Content starts

section \<open>Strictly increasing functions with (quasi-)periodic increments\<close>

lemma strict_mono_translation_period_inj:
  fixes w :: "real \<Rightarrow> real" and j :: int
  assumes mono: "strict_mono w" and per: "\<And>s. w (s + 1) = w s + L"
    and "s \<in> {0..<1}" "s' \<in> {0..<1}" and eq: "w s = w s' + of_int j * L"
  shows "s = s'"
proof -
  have L: "L > 0" using per[of 0] strict_monoD[OF mono, of 0 1] by simp
  have no_fraction: False if "x < y" "y < x + 1" "w y = w x + of_int k * L" for x y k
  proof -
    have "0 < of_int k * L" "of_int k * L < 1 * L"
      using strict_monoD[OF mono, of x y] strict_monoD[OF mono, of y "x + 1"] per[of x] that
      by simp_all
    then have "0 < k" "k < 1"
      using L by (simp_all add: zero_less_mult_iff mult_less_cancel_right)
    then show False by simp
  qed
  consider "s' < s" | "s = s'" | "s < s'" by linarith
  then show ?thesis
  proof cases
    case 1
    then show ?thesis using no_fraction[of s' s j] eq assms(3,4) by simp
  next
    case 3
    then show ?thesis using no_fraction[of s s' "- j"] eq assms(3,4) by simp
  qed
qed

lemma scaling_period_iterate:
  fixes w :: "real \<Rightarrow> real"
  assumes per: "\<And>s. w (s + 1) = exp \<Psi> * w s"
  shows "w (s + real k) = exp (real k * \<Psi>) * w s"
proof (induction k)
  case (Suc k)
  have "w (s + real (Suc k)) = w ((s + real k) + 1)" by (simp add: algebra_simps)
  also have "\<dots> = exp \<Psi> * w (s + real k)" by (rule per)
  finally show ?case using Suc by (simp add: distrib_right exp_add)
qed simp

lemma strict_mono_scaling_period_pos:
  fixes w :: "real \<Rightarrow> real"
  assumes mono: "strict_mono w" and per: "\<And>s. w (s + 1) = exp \<Psi> * w s" and "\<Psi> > 0"
  shows "w s > 0"
proof -
  have "(exp \<Psi> - 1) * w 0 > 0"
    using strict_monoD[OF mono, of 0 1] per[of 0] by (simp add: algebra_simps)
  then have w0: "w 0 > 0"
    using \<open>\<Psi> > 0\<close> by (simp add: zero_less_mult_iff)
  obtain k :: nat where "- s \<le> real k" using real_arch_simple by blast
  then have "w 0 \<le> w (s + real k)"
    using strict_mono_mono[OF mono] by (simp add: monoD)
  then have "exp (real k * \<Psi>) * w s > 0"
    using w0 scaling_period_iterate[where w = w, OF per, of s k] by simp
  then show ?thesis by (simp add: zero_less_mult_iff)
qed
(* Two lines of the unital meet in at most one point.  If s >= 3 pairwise meeting lines are
   neither concurrent nor a fan, every point misses at least two of them, and this produces an
   O'Nan configuration: lines a, b through P and c, d through Q meeting in four further points
   R1 = a c, R2 = a d, R3 = b c, R4 = b d.  The unital contains none: P, R4, R3 would be collinear
   points on the sides of the triangle Q R1 R2 of isotropic points, and for the Hermitian form with
   conjugation x -> x^q, Menelaus' relation forces the Gram determinant of Q, R1, R2, which is the
   norm of det(Q, R1, R2), to vanish. *)

theory Submission
  imports Defs "HOL-Number_Theory.Residues" "HOL-Library.Product_Plus"
begin

section \<open>The Frobenius involution of a field of order \<open>q\<^sup>2\<close>\<close>

text \<open>The library's \<open>finite_field_power_card_eq_same\<close> is stated for the class
  \<open>finite_field\<close>, which a type of sort \<open>{field, finite}\<close> does not carry.\<close>

lemma finite_field_power_card:
  fixes x :: "'a::{field,finite}"
  shows "x ^ CARD('a) = x"
proof (cases "x = 0")
  case True
  then show ?thesis
    using finite_UNIV_card_ge_0[where ?'a = 'a] by simp
next
  case False
  define G :: "'a monoid" where "G = \<lparr>carrier = UNIV - {0::'a}, monoid.mult = (*), one = 1\<rparr>"
  have "group G"
    by (rule groupI) (auto simp: G_def mult.assoc intro!: bexI[of _ "inverse _"])
  moreover have "y [^]\<^bsub>G\<^esub> n = y ^ n" for y :: 'a and n :: nat
    by (induction n) (simp_all add: G_def)
  ultimately have "x ^ (CARD('a) - 1) = 1"
    using group.pow_order_eq_1[of G x] False by (simp add: G_def order_def card_Diff_singleton)
  moreover have "CARD('a) = Suc (CARD('a) - 1)"
    using finite_UNIV_card_ge_0[where ?'a = 'a] by simp
  ultimately show ?thesis
    by (metis mult.right_neutral power_Suc)
qed

lemma frobenius_add:
  fixes x y :: "'a::{field,finite}"
  assumes "prime_power q" "CARD('a) = q ^ 2"
  shows "(x + y) ^ q = x ^ q + y ^ q"
proof -
  obtain p k where pk: "prime p" "k \<ge> 1" "q = p ^ k"
    using assms(1) unfolding prime_power_def by auto
  have char_prime: "prime CHAR('a)"
    using prime_CHAR_semidom finite_imp_CHAR_pos[where ?'a = 'a] by simp
  moreover have "CHAR('a) dvd p ^ (2 * k)"
    using CHAR_dvd_CARD[where 'a='a] assms(2) pk by (simp add: power_mult mult.commute)
  then have "CHAR('a) = p"
    using char_prime pk(1) prime_dvd_power primes_dvd_imp_eq by blast
  ultimately show ?thesis
    using pk(3) by (intro freshmans_dream') auto
qed

lemma frobenius_involutive:
  fixes x :: "'a::{field,finite}"
  assumes "CARD('a) = q ^ 2"
  shows "(x ^ q) ^ q = x"
  using finite_field_power_card[of x] assms by (simp add: power_mult[symmetric] power2_eq_square)

section \<open>Vectors in \<open>F\<^sup>3\<close>\<close>

definition scale3 :: "'a::comm_ring_1 \<Rightarrow> 'a vec3 \<Rightarrow> 'a vec3" where
  "scale3 c v = (c * fst v, c * fst (snd v), c * snd (snd v))"

definition dot3 :: "'a::comm_ring_1 vec3 \<Rightarrow> 'a vec3 \<Rightarrow> 'a" where
  "dot3 u v = fst u * fst v + fst (snd u) * fst (snd v) + snd (snd u) * snd (snd v)"

definition cross3 :: "'a::comm_ring_1 vec3 \<Rightarrow> 'a vec3 \<Rightarrow> 'a vec3" where
  "cross3 u v = (fst (snd u) * snd (snd v) - snd (snd u) * fst (snd v),
                 snd (snd u) * fst v - fst u * snd (snd v),
                 fst u * fst (snd v) - fst (snd u) * fst v)"

definition det3 :: "'a::comm_ring_1 vec3 \<Rightarrow> 'a vec3 \<Rightarrow> 'a vec3 \<Rightarrow> 'a" where
  "det3 u v w = dot3 u (cross3 v w)"

lemmas vec3_defs = scale3_def dot3_def cross3_def det3_def

lemma scale3_scale3 [simp]: "scale3 c (scale3 d v) = scale3 (c * d) v"
  by (simp add: scale3_def mult.assoc)

lemma vec3_eq_0_iff [simp]: "(a, b, c) = 0 \<longleftrightarrow> a = 0 \<and> b = 0 \<and> c = 0"
  by (simp add: zero_prod_def)

lemma zero_vec3 [simp]: "(0, 0, 0) = 0"
  by simp

lemma scale3_eq_0_iff: "scale3 c v = 0 \<longleftrightarrow> c = 0 \<or> v = (0::'a::idom vec3)"
  by (cases v) (auto simp: scale3_def)

lemma scale3_0 [simp]: "scale3 0 v = 0"
  by (simp add: scale3_def)

lemma dot3_scale3 [simp]: "dot3 u (scale3 c v) = c * dot3 u v"
  by (simp add: vec3_defs algebra_simps)

lemma det3_rotate: "det3 u v w = det3 v w u"
  by (simp add: vec3_defs algebra_simps)

lemma det3_scale3: "det3 (scale3 c u) (scale3 c v) (scale3 c w) = c ^ 3 * det3 u v w"
  by (simp add: vec3_defs algebra_simps power3_eq_cube)

lemma det3_add_scale3:
  "det3 (scale3 x2 B + scale3 x3 C) (scale3 y3 C + scale3 y1 A) (scale3 z1 A + scale3 z2 B)
     = (x2 * y3 * z1 + x3 * y1 * z2) * det3 A B C"
  by (simp add: vec3_defs algebra_simps)

lemma cramer3:
  "scale3 (det3 A B C) X = scale3 (det3 X B C) A + scale3 (det3 A X C) B + scale3 (det3 A B X) C"
  by (simp add: vec3_defs algebra_simps)

lemma cramer3_dual:
  "scale3 (det3 u v w) l =
     scale3 (dot3 l u) (cross3 v w) + scale3 (dot3 l v) (cross3 w u) + scale3 (dot3 l w) (cross3 u v)"
  by (simp add: vec3_defs algebra_simps)

lemma det3_gram:
  "det3 (dot3 A U, dot3 A V, dot3 A W) (dot3 B U, dot3 B V, dot3 B W) (dot3 C U, dot3 C V, dot3 C W)
     = det3 A B C * det3 U V W"
  by (simp add: vec3_defs algebra_simps)

lemma cross3_eq_0_imp_parallel:
  fixes u v :: "'a::field vec3"
  assumes "u \<noteq> 0" "cross3 u v = 0"
  obtains t where "v = scale3 t u"
proof -
  obtain u1 u2 u3 v1 v2 v3 where uv: "u = (u1, u2, u3)" "v = (v1, v2, v3)"
    by (cases u, cases v) auto
  have "u2 * v3 = u3 * v2" "u3 * v1 = u1 * v3" "u1 * v2 = u2 * v1"
    using assms(2) by (auto simp: cross3_def uv)
  moreover have "u1 \<noteq> 0 \<or> u2 \<noteq> 0 \<or> u3 \<noteq> 0"
    using assms(1) uv by auto
  ultimately have "v = scale3 (v1 / u1) u \<or> v = scale3 (v2 / u2) u \<or> v = scale3 (v3 / u3) u"
    by (auto simp: uv scale3_def field_simps)
  then show thesis
    using that by blast
qed

section \<open>Points and lines of the Hermitian unital\<close>

lemma span1_eq_image_scale3: "span1 v = (\<lambda>c. scale3 c v) ` UNIV"
  by (simp add: span1_def scale3_def)

lemma span1_scale3: "span1 (scale3 c v) = span1 (v::'a::field vec3)" if "c \<noteq> 0"
proof -
  have "range (\<lambda>d. d * c) = UNIV"
    using that by (intro surjI[of _ "\<lambda>d. d / c"]) simp
  then have "(\<lambda>d. scale3 d v) ` range (\<lambda>d. d * c) = range (\<lambda>d. scale3 d v)"
    by simp
  then show ?thesis
    unfolding span1_eq_image_scale3 scale3_scale3 image_image .
qed

lemma self_mem_span1: "v \<in> span1 v"
  unfolding span1_eq_image_scale3 by (rule image_eqI[where x = 1]) (simp_all add: scale3_def)

lemma span1_eqE:
  fixes u v :: "'a::field vec3"
  assumes "span1 u = span1 v" "u \<noteq> 0"
  obtains c where "c \<noteq> 0" "u = scale3 c v"
proof -
  obtain c where "u = scale3 c v"
    using self_mem_span1[of u] assms(1) by (auto simp: span1_eq_image_scale3)
  with assms(2) that show thesis
    by (auto simp: scale3_eq_0_iff)
qed

lemma span1_mem_zero_set_iff:
  fixes f :: "'a::field vec3 \<Rightarrow> 'a"
  assumes homogeneous: "\<And>c w. f (scale3 c w) = 0 \<longleftrightarrow> c = 0 \<or> f w = 0" and "v \<noteq> 0"
  shows "span1 v \<in> {span1 w | w. w \<noteq> 0 \<and> f w = 0} \<longleftrightarrow> f v = 0"
proof
  assume "span1 v \<in> {span1 w | w. w \<noteq> 0 \<and> f w = 0}"
  then obtain w where "span1 v = span1 w" "f w = 0"
    by auto
  moreover obtain c where "v = scale3 c w"
    using span1_eqE[OF \<open>span1 v = span1 w\<close> \<open>v \<noteq> 0\<close>] by blast
  ultimately show "f v = 0"
    by (simp add: homogeneous)
qed (use assms(2) in blast)

lemma pg_line_eq: "pg_line l = {span1 w | w. w \<noteq> 0 \<and> dot3 l w = 0}"
  by (simp add: pg_line_def dot3_def)

lemma span1_mem_pg_line_iff: "v \<noteq> 0 \<Longrightarrow> span1 v \<in> pg_line l \<longleftrightarrow> dot3 l v = 0"
  unfolding pg_line_eq by (rule span1_mem_zero_set_iff) simp

lemma herm_form_scale3: "herm_form q (scale3 c v) = c ^ (q + 1) * herm_form q v"
  by (simp add: herm_form_def scale3_def power_mult_distrib algebra_simps)

lemma span1_mem_herm_points_iff: "v \<noteq> 0 \<Longrightarrow> span1 v \<in> herm_points q \<longleftrightarrow> herm_form q v = 0"
  unfolding herm_points_def zero_vec3 by (rule span1_mem_zero_set_iff) (auto simp: herm_form_scale3)

definition rep_vec :: "'a::field vec3 set \<Rightarrow> 'a vec3" where
  "rep_vec X = (SOME v. v \<noteq> 0 \<and> X = span1 v)"

lemma rep_vec:
  assumes "X \<in> pg_points"
  shows "rep_vec X \<noteq> 0" "span1 (rep_vec X) = X"
proof -
  have "\<exists>v. v \<noteq> 0 \<and> X = span1 v"
    using assms by (auto simp: pg_points_def)
  then have "rep_vec X \<noteq> 0 \<and> X = span1 (rep_vec X)"
    unfolding rep_vec_def by (rule someI_ex)
  then show "rep_vec X \<noteq> 0" "span1 (rep_vec X) = X"
    by simp_all
qed

lemma herm_points_subset_pg_points: "herm_points q \<subseteq> pg_points"
  by (auto simp: herm_points_def pg_points_def)

lemma herm_form_rep_vec:
  assumes "X \<in> herm_points q"
  shows "herm_form q (rep_vec X) = 0"
proof -
  have "X \<in> pg_points"
    using assms herm_points_subset_pg_points by blast
  then show ?thesis
    using assms span1_mem_herm_points_iff[OF rep_vec(1)] rep_vec(2) by metis
qed

lemma herm_lines_subset: "m \<in> herm_lines q \<Longrightarrow> m \<subseteq> herm_points q"
  by (auto simp: herm_lines_def)

lemma cross3_neq_0:
  fixes u v :: "'a::field vec3"
  assumes "u \<noteq> 0" "v \<noteq> 0" "span1 u \<noteq> span1 v"
  shows "cross3 u v \<noteq> 0"
proof
  assume "cross3 u v = 0"
  then obtain t where "v = scale3 t u"
    by (rule cross3_eq_0_imp_parallel[OF assms(1)])
  moreover from this have "t \<noteq> 0"
    using assms(2) by auto
  ultimately show False
    using assms(3) by (simp add: span1_scale3)
qed
text \<open>Suppose \<open>LIS(\<sigma>\<^sub>k) \<ge> e N\<^sub>k\<close> for infinitely many \<open>k\<close>. Rounding the points
  \<open>(j/N\<^sub>k, \<sigma>\<^sub>k(j)/N\<^sub>k)\<close> of a longest increasing subsequence down to the grid of mesh
  \<open>2\<^sup>-\<^sup>m\<close> gives one of finitely many grid chains (for the coordinatewise order), and a
  continuous cutoff of its neighbourhood has integral at least \<open>e\<close> against the permuton of
  \<open>\<sigma>\<^sub>k\<close>. By pigeonhole and weak convergence, for every \<open>m\<close> the \<open>8\<cdot>2\<^sup>-\<^sup>m\<close>-neighbourhood
  of some grid chain has \<open>\<pi>\<close>-mass at least \<open>e\<close>. Rounding a chain of level \<open>m+1\<close> to level
  \<open>m\<close> keeps its neighbourhood inside the coarser one, so a K\<ouml>nig-type argument over these
  finitely branching families yields one chain per level whose neighbourhoods intersect in a
  set of mass at least \<open>e\<close>. That intersection is a chain, i.e. a monotone set, hence
  \<open>\<pi>\<close>-null.\<close>

lemma permuton_imp_finite_measure: "permuton \<mu> \<Longrightarrow> finite_measure \<mu>"
  unfolding permuton_def prob_space_def by blast

lemma sets_permuton: "permuton \<mu> \<Longrightarrow> sets \<mu> = sets borel"
  unfolding permuton_def by blast

lemma monotone_set_iff_chain:
  "monotone_set A \<longleftrightarrow> A \<subseteq> {0..1} \<times> {0..1} \<and> Complete_Partial_Order.chain (\<le>) A"
  unfolding monotone_set_def chain_def less_eq_prod_def by fastforce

Content ends

Could you copy every line in the records that holds "mass"?

  of some grid chain has \<open>\<pi>\<close>-mass at least \<open>e\<close>. Rounding a chain of level \<open>m+1\<close> to level
  set of mass at least \<open>e\<close>. That intersection is a chain, i.e. a monotone set, hence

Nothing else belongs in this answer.